1. Does your business really have a USP?
Can it be defended against your potential competitors? Is there something about the tech, process, relationships you have, that means others will find it hard to replicate? If not, any success the business starts to get will immediately attract a growing number of competitors that could eventually lead to your business’s downfall. Competitors would have time to wait in the wings observing and testing out your product to improve it. Investors could be fearful that early success could still result in a tragic downfall. First-mover advantage is one thing, but it didn’t help Myspace much in the end…
2. Know your competition
Not having an in-depth grasp on who and what your competition is, will be another red flag for any investor. It indicates that you can’t have thought comprehensively about how you want to position your product for the target market. You should know what differentiates you from the current solutions out there and which markets and methods of selling they are using. It’s not a VCs job to do this for you, they will expect you to present them with a detailed break down of your competition and your plan of action if you want their investment.
3. Know your numbers
If you walk in with messy spreadsheets and you are running on desktop software, it doesn’t look like you prioritise the figures or are data driven. FUTRLI syncs and updates daily with your cloud accounts package, to create beautiful looking rolling Forecasts.
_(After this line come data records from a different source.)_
lemma bounded_if_op_norm_eta_bounded:
  assumes V: "\<exists>v\<in>V. norm v \<noteq> 0" and diff: "\<And>m n. w m - w n \<in> V"
    and lim: "(\<lambda>n. ereal (op_norm_eta A V (u - w n))) \<longlonglongrightarrow> L" and "L \<noteq> \<infinity>"
  shows "\<exists>B. eventually (\<lambda>n. norm (w n) \<le> B) sequentially"
proof -
  obtain c where "L < ereal c"
  proof (cases L)
    case (real r)
    then show ?thesis using that[of "r + 1"] by simp
  qed (use that[of 0] \<open>L \<noteq> \<infinity>\<close> in auto)
  with lim have "eventually (\<lambda>n. op_norm_eta A V (u - w n) < c) sequentially"
    by (auto dest: order_tendstoD(2))
  moreover have "norm (w n) \<le> norm (w 0) + (c + op_norm_eta A V (w 0 - u)) / \<alpha>"
    if "op_norm_eta A V (u - w n) < c" for n
  proof -
    have "\<alpha> * norm (w 0 - w n) \<le> op_norm_eta A V (w 0 - w n)"
      using op_norm_eta_coercive[OF diff V] .
    also have "\<dots> \<le> op_norm_eta A V (u - w n) + op_norm_eta A V (w 0 - u)"
      using op_norm_eta_add[OF bounded_bilinear V, of "u - w n" "w 0 - u"] by simp
    finally have "norm (w 0 - w n) \<le> (c + op_norm_eta A V (w 0 - u)) / \<alpha>"
      using that pos by (simp add: le_divide_eq mult.commute)
    then show ?thesis using norm_triangle_ineq4[of "w 0" "w 0 - w n"] by simp
  qed
  ultimately have "eventually (\<lambda>n. norm (w n) \<le> norm (w 0) + (c + op_norm_eta A V (w 0 - u)) / \<alpha>)
      sequentially"
    by (rule eventually_mono)
  then show ?thesis by blast
qed

end
lemma abs_eval_fml_le:
  "wf_fml L \<phi> \<Longrightarrow> (\<And>k. asg k \<in> carrier M) \<Longrightarrow> \<bar>eval_fml M asg \<phi>\<bar> \<le> afml_bound \<phi>"
proof (induction \<phi> arbitrary: asg)
  case (Dist t u)
  then have "eval_trm M asg t \<in> carrier M" "eval_trm M asg u \<in> carrier M"
    by (auto intro: eval_trm_in_carrier)
  then show ?case
    using Metric_space.nonneg[OF Lstructure_Metric_space] Lstructure_dist_le_1 by simp
next
  case (Rel R ts)
  then have "set (map (eval_trm M asg) ts) \<subseteq> carrier M"
    by (auto intro: eval_trm_in_carrier)
  then show ?case
    using Lstructure_rinterp_bounds[of "map (eval_trm M asg) ts" R] Rel.prems(1) by simp
next
  case (Add \<phi> \<psi>)
  then have "\<bar>eval_fml M asg \<phi>\<bar> \<le> afml_bound \<phi>" "\<bar>eval_fml M asg \<psi>\<bar> \<le> afml_bound \<psi>"
    by simp_all
  then show ?case
    by simp
next
  case (Scale r \<phi>)
  then show ?case
    by (simp add: abs_mult mult_left_mono)
next
  case (FSup x \<phi>)
  have "\<bar>eval_fml M (asg(x := b)) \<phi>\<bar> \<le> afml_bound \<phi>" if "b \<in> carrier M" for b
    using FSup that by simp
  then show ?case
    using Lstructure_carrier_nonempty by (simp only: eval_fml.simps afml_bound.simps) (rule cSup_abs_le; auto)
next
  case (FInf x \<phi>)
  have "\<bar>eval_fml M (asg(x := b)) \<phi>\<bar> \<le> afml_bound \<phi>" if "b \<in> carrier M" for b
    using FInf that by simp
  then show ?case
    using Lstructure_carrier_nonempty
    by (simp only: eval_fml.simps afml_bound.simps Inf_real_def image_image abs_minus_cancel)
      (rule cSup_abs_le; auto)
qed simp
These operational forecasts are your security blanket and they should be the pulse behind every decision you make. If you can show you have thought through several scenarios and you have a sound process in place for regular monitoring, this will speak volumes to an investor. If you want some serious brownie points, stress during your pitch that you want them to feel like part of your team. With FUTRLI, you can invite them to view and collaborate on your figures. This will give your backer complete transparency of their investment. Together you can decide their access-levels and control what information they want to see on a daily, weekly or monthly basis. Also you will be able to sell this idea even more by the fact that this information is designed to be easily accessible for them to work from wherever they are.
4. Go big or go home
Have you ever watched Dragons Den in the UK or Shark Tank in Australia, and seen how badly it goes down when the business owner pitching reveals they‘re unwilling to invest their own savings? Duncan Bannatyne, one of the UK dragons, jumps in to say something along the lines of “Why should I give you some of my children’s inheritance when you won’t even put up your own money?!” VCs want to see 100% commitment to your company and that you are willing to fight to the death. That may sound dramatic, but experienced VCs know that this is often the difference between a decent return or never seeing their money again.
5. Find your best scalable marketing channels
VCs like to invest in businesses that have begun to identify their best scalable marketing channels, so they know any capital invested will be utilised optimally. This gives confidence to investors that their investment won’t just be burnt through during an initial experimental/testing stage seeking them out.